» Work to complete
For the material below, return exactly the lines starting at the one holding "Context: Player $\pi_i$" and ending at the one holding "set \<Rightarrow> 'v set", counting both as part of the range.
[Entries supplied Boundary: Start]
(* Consider an exponential bottleneck game on a graph $G$, a Nash-routing $\mathbf{p}=[p_1,\dots,p_N]$ and a routing $\mathbf{p}^*=[p_1^*,\dots,p_N^*]$ of minimum social cost, and suppose $C^*=C(\mathbf{p}^* )=1$ and $L^*\ge 2$. Let $\hat C=\lceil\max_i\log_2\widetilde C_i(\mathbf{p})\rceil$ and $l_1^*=\log_2(L^*-1)$. Then for every integer $i$ with $1\le i\le \hat C-l_1^*-11$, every non-empty set of players $X\subseteq S^{(i)}$ is not self-sufficient in $\mathbf{p}$.
   Context: Player $\pi_i$ has a strategy set $\mathcal{P}_i$ of paths from $u_i$ to $v_i$; a routing is $\mathbf{p}=[p_1,\dots,p_N]$ with $p_i\in\mathcal{P}_i$. $C_e(\mathbf{p})$ is the number of paths in $\mathbf{p}$ using edge $e$; social cost $C(\mathbf{p})=\max_eC_e(\mathbf{p})$; player cost $\widetilde C_i(\mathbf{p})=\sum_{e\in p_i}2^{C_e(\mathbf{p})}$. A Nash-routing is one in which no player can strictly lower its cost by unilaterally switching to another path in its strategy set. $L^*$ is the maximum length (number of edges) of a path in $\mathbf{p}^*$. Stage $i$ ($1\le i\le\hat C$): $S^{(i)}$ is the set of players $\pi_j$ whose cost in $\mathbf{p}$ satisfies $2^{\hat C-i}+2\le\widetilde C_j(\mathbf{p})\le 2^{\hat C-i+1}$. Self-sufficiency: for a set $S$ of players and $\pi_j\in S$, let $\mathbf{q}_j$ be the routing consisting only of the players in $S$, where every player of $S$ other than $\pi_j$ uses its path from $\mathbf{p}$ and $\pi_j$ uses $p_j^*$ (congestions in $\mathbf{q}_j$ count only these paths). $S$ is self-sufficient in $\mathbf{p}$ if for every $\pi_j\in S$ the cost of $\pi_j$ in $\mathbf{q}_j$, $\sum_{e\in p_j^*}2^{C_e(\mathbf{q}_j)}$, is at least $\widetilde C_j(\mathbf{p})$. Logarithms are base 2. *)

theory Defs
  imports Complex_Main
begin

text \<open>Players are indexed 0..N-1; a routing is a function from player indices to paths.\<close>

definition graph :: "'v set \<Rightarrow> 'v set set \<Rightarrow> bool" where
  "graph V E \<longleftrightarrow> finite V \<and> finite E \<and> (\<forall>e\<in>E. e \<subseteq> V \<and> card e = 2)"

definition pedges :: "'v list \<Rightarrow> 'v set set" where
  "pedges xs = {{xs ! k, xs ! Suc k} | k. Suc k < length xs}"

definition plen :: "'v list \<Rightarrow> nat" where
  "plen xs = length xs - 1"

definition is_path :: "'v set set \<Rightarrow> 'v \<Rightarrow> 'v \<Rightarrow> 'v list \<Rightarrow> bool" where
  "is_path E u v xs \<longleftrightarrow> xs \<noteq> [] \<and> hd xs = u \<and> last xs = v \<and> distinct xs
     \<and> (\<forall>k. Suc k < length xs \<longrightarrow> {xs ! k, xs ! Suc k} \<in> E)"

definition valid_routing :: "nat \<Rightarrow> (nat \<Rightarrow> 'v list set) \<Rightarrow> (nat \<Rightarrow> 'v list) \<Rightarrow> bool" where
  "valid_routing N P r \<longleftrightarrow> (\<forall>i<N. r i \<in> P i)"

definition cong :: "nat \<Rightarrow> (nat \<Rightarrow> 'v list) \<Rightarrow> 'v set \<Rightarrow> nat" where
  "cong N r e = card {i. i < N \<and> e \<in> pedges (r i)}"

definition soc_cost :: "'v set set \<Rightarrow> nat \<Rightarrow> (nat \<Rightarrow> 'v list) \<Rightarrow> nat" where
  "soc_cost E N r = Max (insert 0 (cong N r ` E))"

definition pcost :: "nat \<Rightarrow> (nat \<Rightarrow> 'v list) \<Rightarrow> nat \<Rightarrow> nat" where
  "pcost N r i = (\<Sum>e\<in>pedges (r i). 2 ^ cong N r e)"

definition nash :: "nat \<Rightarrow> (nat \<Rightarrow> 'v list set) \<Rightarrow> (nat \<Rightarrow> 'v list) \<Rightarrow> bool" where
  "nash N P r \<longleftrightarrow> valid_routing N P r \<and>
     (\<forall>i<N. \<forall>q\<in>P i. \<not> pcost N (r(i := q)) i < pcost N r i)"

definition optimal :: "'v set set \<Rightarrow> nat \<Rightarrow> (nat \<Rightarrow> 'v list set) \<Rightarrow> (nat \<Rightarrow> 'v list) \<Rightarrow> bool" where
  "optimal E N P r \<longleftrightarrow> valid_routing N P r \<and>
     (\<forall>r'. valid_routing N P r' \<longrightarrow> soc_cost E N r \<le> soc_cost E N r')"

definition maxlen :: "nat \<Rightarrow> (nat \<Rightarrow> 'v list) \<Rightarrow> nat" where
  "maxlen N r = Max {plen (r i) | i. i < N}"

definition Chat :: "nat \<Rightarrow> (nat \<Rightarrow> 'v list) \<Rightarrow> int" where
  "Chat N r = \<lceil>Max {log 2 (real (pcost N r i)) | i. i < N}\<rceil>"

definition stage :: "nat \<Rightarrow> (nat \<Rightarrow> 'v list) \<Rightarrow> int \<Rightarrow> nat set" where
  "stage N r i = {j. j < N \<and>
      2 powr (real_of_int (Chat N r - i)) + 2 \<le> real (pcost N r j) \<and>
      real (pcost N r j) \<le> 2 powr (real_of_int (Chat N r - i + 1))}"

text \<open>Congestion in q_j: only players of S, with j using its path from pstar\<close>
definition cong_q :: "nat set \<Rightarrow> (nat \<Rightarrow> 'v list) \<Rightarrow> (nat \<Rightarrow> 'v list) \<Rightarrow> nat \<Rightarrow> 'v set \<Rightarrow> nat" where
  "cong_q S r rs j e = card {k. k \<in> S \<and> e \<in> pedges ((r(j := rs j)) k)}"

definition self_sufficient :: "nat set \<Rightarrow> nat \<Rightarrow> (nat \<Rightarrow> 'v list) \<Rightarrow> (nat \<Rightarrow> 'v list) \<Rightarrow> bool" where
  "self_sufficient S N r rs \<longleftrightarrow>
     (\<forall>j\<in>S. (\<Sum>e\<in>pedges (rs j). (2::nat) ^ cong_q S r rs j e) \<ge> pcost N r j)"

end

theory Submission
  imports Defs
begin

text \<open>Suppose a non-empty \<open>X \<subseteq> S(i)\<close> were self-sufficient, and let \<open>n(e)\<close> count the
  players of \<open>X\<close> whose Nash path uses \<open>e\<close>. Summing self-sufficiency over \<open>X\<close> bounds the total
  cost \<open>R\<close> of \<open>X\<close> by the sum of \<open>2^(n(e)+1)\<close> over the optimal paths of \<open>X\<close>. Since \<open>C* = 1\<close>,
  every edge lies on at most one optimal path, and \<open>3 * 2^(n+1) \<le> 8 + 2n * 2^n\<close> turns this
  into \<open>3R \<le> 8 |X| L* + 2 \<Sum>\<^sub>e n(e) 2^n(e) \<le> 8 |X| L* + 2R\<close>, i.e. \<open>R \<le> 8 |X| L*\<close>. But every
  player of the stage pays at least \<open>2^11 (L* - 1) + 2 > 8 L*\<close>.\<close>

lemma sum_sum_eq_sum_card_mult:
  fixes f :: "'e \<Rightarrow> nat"
  assumes "finite X" "finite E" "\<forall>j\<in>X. A j \<subseteq> E"
  shows "(\<Sum>j\<in>X. \<Sum>e\<in>A j. f e) = (\<Sum>e\<in>E. card {j\<in>X. e \<in> A j} * f e)"
proof -
  have "(\<Sum>j\<in>X. \<Sum>e\<in>A j. f e) = (\<Sum>j\<in>X. \<Sum>e\<in>{e\<in>E. e \<in> A j}. f e)"
    using assms(3) by (intro sum.cong) (auto intro: arg_cong[where f = "sum f"])
  also have "\<dots> = (\<Sum>e\<in>E. \<Sum>j\<in>{j\<in>X. e \<in> A j}. f e)"
    by (rule sum.swap_restrict[OF assms(1,2)])
  finally show ?thesis by simp
qed

lemma three_mult_two_pow_Suc_le: "3 * 2 ^ Suc n \<le> 8 + 2 * n * (2::nat) ^ n"
proof (cases "n < 3")
  case True
  then have "n = 0 \<or> n = 1 \<or> n = 2" by auto
  then show ?thesis by auto
next
  case False
  then have "6 * (2::nat) ^ n \<le> (2 * n) * 2 ^ n" by (intro mult_le_mono1) simp
  moreover have "3 * 2 ^ Suc n = 6 * (2::nat) ^ n" by simp
  ultimately show ?thesis by linarith
qed

text \<open>\<open>A j\<close> and \<open>B j\<close> play the roles of the edge sets of the Nash and the optimal path of
  player \<open>j\<close>, and \<open>c j\<close> of its cost.\<close>

lemma total_cost_le_if_self_sufficient:
  fixes X :: "'i set" and E :: "'e set" and A B :: "'i \<Rightarrow> 'e set" and c :: "'i \<Rightarrow> nat"
  defines "n e \<equiv> card {k\<in>X. e \<in> A k}"
  assumes fin: "finite X" "finite E"
    and sub: "\<forall>j\<in>X. A j \<subseteq> E" "\<forall>j\<in>X. B j \<subseteq> E"
    and disjoint: "\<forall>e\<in>E. card {j\<in>X. e \<in> B j} \<le> 1"
    and short: "\<forall>j\<in>X. card (B j) \<le> L"
    and cost_ge: "\<forall>j\<in>X. (\<Sum>e\<in>A j. 2 ^ n e) \<le> c j"
    and cost_le: "\<forall>j\<in>X. c j \<le> (\<Sum>e\<in>B j. 2 ^ Suc (n e))"
  shows "(\<Sum>j\<in>X. c j) \<le> 8 * L * card X"
proof -
  define m where "m e = card {j\<in>X. e \<in> B j}" for e
  define R where "R = (\<Sum>j\<in>X. c j)"
  have "3 * R \<le> 3 * (\<Sum>j\<in>X. \<Sum>e\<in>B j. 2 ^ Suc (n e))"
    unfolding R_def using cost_le by (intro mult_le_mono2 sum_mono) auto
  also have "\<dots> = (\<Sum>e\<in>E. m e * (3 * 2 ^ Suc (n e)))"
    unfolding m_def sum_sum_eq_sum_card_mult[OF fin sub(2)]
    by (simp add: sum_distrib_left mult_ac)
  also have "\<dots> \<le> (\<Sum>e\<in>E. 8 * m e + 2 * (n e * 2 ^ n e))"
  proof (rule sum_mono)
    fix e assume "e \<in> E"
    then have "m e \<le> 1" using disjoint m_def by auto
    have "m e * (3 * 2 ^ Suc (n e)) \<le> m e * (8 + 2 * n e * 2 ^ n e)"
      using three_mult_two_pow_Suc_le by (rule mult_le_mono2)
    also have "\<dots> = 8 * m e + m e * (2 * n e * 2 ^ n e)" by (simp add: algebra_simps)
    also have "\<dots> \<le> 8 * m e + 2 * (n e * 2 ^ n e)"
      using \<open>m e \<le> 1\<close> mult_le_mono1[of "m e" 1] by simp
    finally show "m e * (3 * 2 ^ Suc (n e)) \<le> 8 * m e + 2 * (n e * 2 ^ n e)" .
  qed
  also have "\<dots> = 8 * (\<Sum>j\<in>X. card (B j)) + 2 * (\<Sum>j\<in>X. \<Sum>e\<in>A j. 2 ^ n e)"
    using sum_sum_eq_sum_card_mult[OF fin sub(2), of "\<lambda>_. 1"]
      sum_sum_eq_sum_card_mult[OF fin sub(1), of "\<lambda>e. 2 ^ n e"]
    by (simp add: m_def n_def sum.distrib sum_distrib_left)
  also have "\<dots> \<le> 8 * (card X * L) + 2 * R"
    unfolding R_def using short cost_ge sum_bounded_above[of X "\<lambda>j. card (B j)" L]
    by (intro add_mono mult_le_mono2 sum_mono) auto
  finally show ?thesis unfolding R_def by (simp add: mult_ac)
qed

lemma card_pedges_le_plen: "card (pedges xs) \<le> plen xs"
proof -
  have "pedges xs = (\<lambda>k. {xs ! k, xs ! Suc k}) ` {..< length xs - 1}"
    unfolding pedges_def by auto
  then show ?thesis
    by (metis card_image_le card_lessThan finite_lessThan plen_def)
qed

lemma plen_le_maxlen: "j < N \<Longrightarrow> plen (r j) \<le> maxlen N r"
  unfolding maxlen_def by (intro Max_ge) auto

lemma valid_routing_pedges_subset:
  assumes "valid_routing N P r" "\<forall>i<N. P i \<subseteq> {xs. is_path E (u i) (v i) xs}" "j < N"
  shows "pedges (r j) \<subseteq> E"
  using assms unfolding valid_routing_def is_path_def pedges_def by blast

lemma card_players_using_le_cong:
  "X \<subseteq> {..<N} \<Longrightarrow> card {k\<in>X. e \<in> pedges (r k)} \<le> cong N r e"
  unfolding cong_def by (rule card_mono) auto

lemma cong_le_soc_cost: "finite E \<Longrightarrow> e \<in> E \<Longrightarrow> cong N r e \<le> soc_cost E N r"
  unfolding soc_cost_def by (intro Max_ge) auto

lemma cong_q_le_Suc:
  assumes "finite X" "j \<in> X"
  shows "cong_q X r rs j e \<le> Suc (card {k\<in>X. e \<in> pedges (r k)})"
proof -
  have "cong_q X r rs j e \<le> card (insert j {k\<in>X. e \<in> pedges (r k)})"
    unfolding cong_q_def using assms(1) by (intro card_mono) auto
  also have "\<dots> \<le> Suc (card {k\<in>X. e \<in> pedges (r k)})"
    by (rule card_insert_le_m1) auto
  finally show ?thesis .
qed

lemma self_sufficient_sum_pcost_le:
  assumes "finite E" "X \<subseteq> {..<N}"
    and "\<forall>j\<in>X. pedges (p j) \<subseteq> E" "\<forall>j\<in>X. pedges (pstar j) \<subseteq> E"
    and "soc_cost E N pstar \<le> 1" "\<forall>j\<in>X. plen (pstar j) \<le> L"
    and "self_sufficient X N p pstar"
  shows "(\<Sum>j\<in>X. pcost N p j) \<le> 8 * L * card X"
proof (rule total_cost_le_if_self_sufficient[where A = "\<lambda>j. pedges (p j)" and E = E])
  have fin: "finite X" using assms(2) finite_subset by blast
  then show "finite X" .
  show "\<forall>e\<in>E. card {j\<in>X. e \<in> pedges (pstar j)} \<le> 1"
  proof
    fix e assume "e \<in> E"
    have "card {j\<in>X. e \<in> pedges (pstar j)} \<le> cong N pstar e"
      by (rule card_players_using_le_cong[OF assms(2)])
    also have "\<dots> \<le> soc_cost E N pstar" by (rule cong_le_soc_cost[OF assms(1) \<open>e \<in> E\<close>])
    finally show "card {j\<in>X. e \<in> pedges (pstar j)} \<le> 1" using assms(5) by simp
  qed
  show "\<forall>j\<in>X. card (pedges (pstar j)) \<le> L"
    using assms(6) card_pedges_le_plen order_trans by blast
  show "\<forall>j\<in>X. (\<Sum>e\<in>pedges (p j). 2 ^ card {k\<in>X. e \<in> pedges (p k)}) \<le> pcost N p j"
    unfolding pcost_def using card_players_using_le_cong[OF assms(2)]
    by (auto intro!: sum_mono power_increasing)
  show "\<forall>j\<in>X. pcost N p j \<le> (\<Sum>e\<in>pedges (pstar j). 2 ^ Suc (card {k\<in>X. e \<in> pedges (p k)}))"
  proof
    fix j assume "j \<in> X"
    then have "pcost N p j \<le> (\<Sum>e\<in>pedges (pstar j). 2 ^ cong_q X p pstar j e)"
      using assms(7) unfolding self_sufficient_def by auto
    also have "\<dots> \<le> (\<Sum>e\<in>pedges (pstar j). 2 ^ Suc (card {k\<in>X. e \<in> pedges (p k)}))"
      by (intro sum_mono power_increasing cong_q_le_Suc[OF fin \<open>j \<in> X\<close>]) simp_all
    finally show "pcost N p j \<le> \<dots>" .
  qed
qed (use assms in auto)

lemma stage_pcost_gt:
  assumes "L \<ge> 2" "j \<in> stage N p i"
    and "real_of_int i \<le> real_of_int (Chat N p) - log 2 (real L - 1) - 11"
  shows "8 * L < pcost N p j"
proof -
  have "2 powr (log 2 (real L - 1) + 11) \<le> 2 powr real_of_int (Chat N p - i)"
    using assms(3) by (intro powr_mono) auto
  moreover have "2 powr (log 2 (real L - 1) + 11) = (real L - 1) * 2048"
    using assms(1) by (simp add: powr_add)
  moreover have "2 powr real_of_int (Chat N p - i) + 2 \<le> real (pcost N p j)"
    using assms(2) unfolding stage_def by auto
  ultimately have "real (8 * L) < real (pcost N p j)" using assms(1) by simp
  then show ?thesis by linarith
qed

theorem lemma2:
  fixes V :: "'v set" and E :: "'v set set" and N :: nat
    and u v :: "nat \<Rightarrow> 'v" and P :: "nat \<Rightarrow> 'v list set"
    and p pstar :: "nat \<Rightarrow> 'v list"
  assumes "graph V E"
    and "\<forall>i<N. P i \<subseteq> {xs. is_path E (u i) (v i) xs}"
    and "nash N P p"
    and "optimal E N P pstar"
    and "soc_cost E N pstar = 1"
    and "maxlen N pstar \<ge> 2"
  shows "\<forall>i::int. 1 \<le> i \<and> real_of_int i \<le> real_of_int (Chat N p) - log 2 (real (maxlen N pstar) - 1) - 11
      \<longrightarrow> (\<forall>X. X \<noteq> {} \<and> X \<subseteq> stage N p i \<longrightarrow> \<not> self_sufficient X N p pstar)"
proof (intro allI impI notI)
  fix i :: int and X
  let ?L = "maxlen N pstar"
  assume i: "1 \<le> i \<and> real_of_int i \<le> real_of_int (Chat N p) - log 2 (real ?L - 1) - 11"
    and X: "X \<noteq> {} \<and> X \<subseteq> stage N p i" and "self_sufficient X N p pstar"
  have XN: "X \<subseteq> {..<N}" using X unfolding stage_def by auto
  then have "finite X" using finite_subset by blast
  have "valid_routing N P p" "valid_routing N P pstar"
    using assms(3,4) unfolding nash_def optimal_def by auto
  then have "\<forall>j\<in>X. pedges (p j) \<subseteq> E" "\<forall>j\<in>X. pedges (pstar j) \<subseteq> E"
    using XN valid_routing_pedges_subset[OF _ assms(2)] by auto
  then have "(\<Sum>j\<in>X. pcost N p j) \<le> 8 * ?L * card X"
    using assms(1,5) XN \<open>self_sufficient X N p pstar\<close>
    by (intro self_sufficient_sum_pcost_le) (auto simp: graph_def intro: plen_le_maxlen)
  moreover have "(\<Sum>j\<in>X. 8 * ?L) < (\<Sum>j\<in>X. pcost N p j)"
    using X i assms(6) \<open>finite X\<close> by (intro sum_strict_mono stage_pcost_gt) auto
  ultimately show False by (simp add: mult_ac)
qed

end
[Entries supplied Boundary: End]
» Exercise solution
   Context: Player $\pi_i$ has a strategy set $\mathcal{P}_i$ of paths from $u_i$ to $v_i$; a routing is $\mathbf{p}=[p_1,\dots,p_N]$ with $p_i\in\mathcal{P}_i$. $C_e(\mathbf{p})$ is the number of paths in $\mathbf{p}$ using edge $e$; social cost $C(\mathbf{p})=\max_eC_e(\mathbf{p})$; player cost $\widetilde C_i(\mathbf{p})=\sum_{e\in p_i}2^{C_e(\mathbf{p})}$. A Nash-routing is one in which no player can strictly lower its cost by unilaterally switching to another path in its strategy set. $L^*$ is the maximum length (number of edges) of a path in $\mathbf{p}^*$. Stage $i$ ($1\le i\le\hat C$): $S^{(i)}$ is the set of players $\pi_j$ whose cost in $\mathbf{p}$ satisfies $2^{\hat C-i}+2\le\widetilde C_j(\mathbf{p})\le 2^{\hat C-i+1}$. Self-sufficiency: for a set $S$ of players and $\pi_j\in S$, let $\mathbf{q}_j$ be the routing consisting only of the players in $S$, where every player of $S$ other than $\pi_j$ uses its path from $\mathbf{p}$ and $\pi_j$ uses $p_j^*$ (congestions in $\mathbf{q}_j$ count only these paths). $S$ is self-sufficient in $\mathbf{p}$ if for every $\pi_j\in S$ the cost of $\pi_j$ in $\mathbf{q}_j$, $\sum_{e\in p_j^*}2^{C_e(\mathbf{q}_j)}$, is at least $\widetilde C_j(\mathbf{p})$. Logarithms are base 2. *)

theory Defs
  imports Complex_Main
begin

text \<open>Players are indexed 0..N-1; a routing is a function from player indices to paths.\<close>

definition graph :: "'v set \<Rightarrow> 'v set set \<Rightarrow> bool" where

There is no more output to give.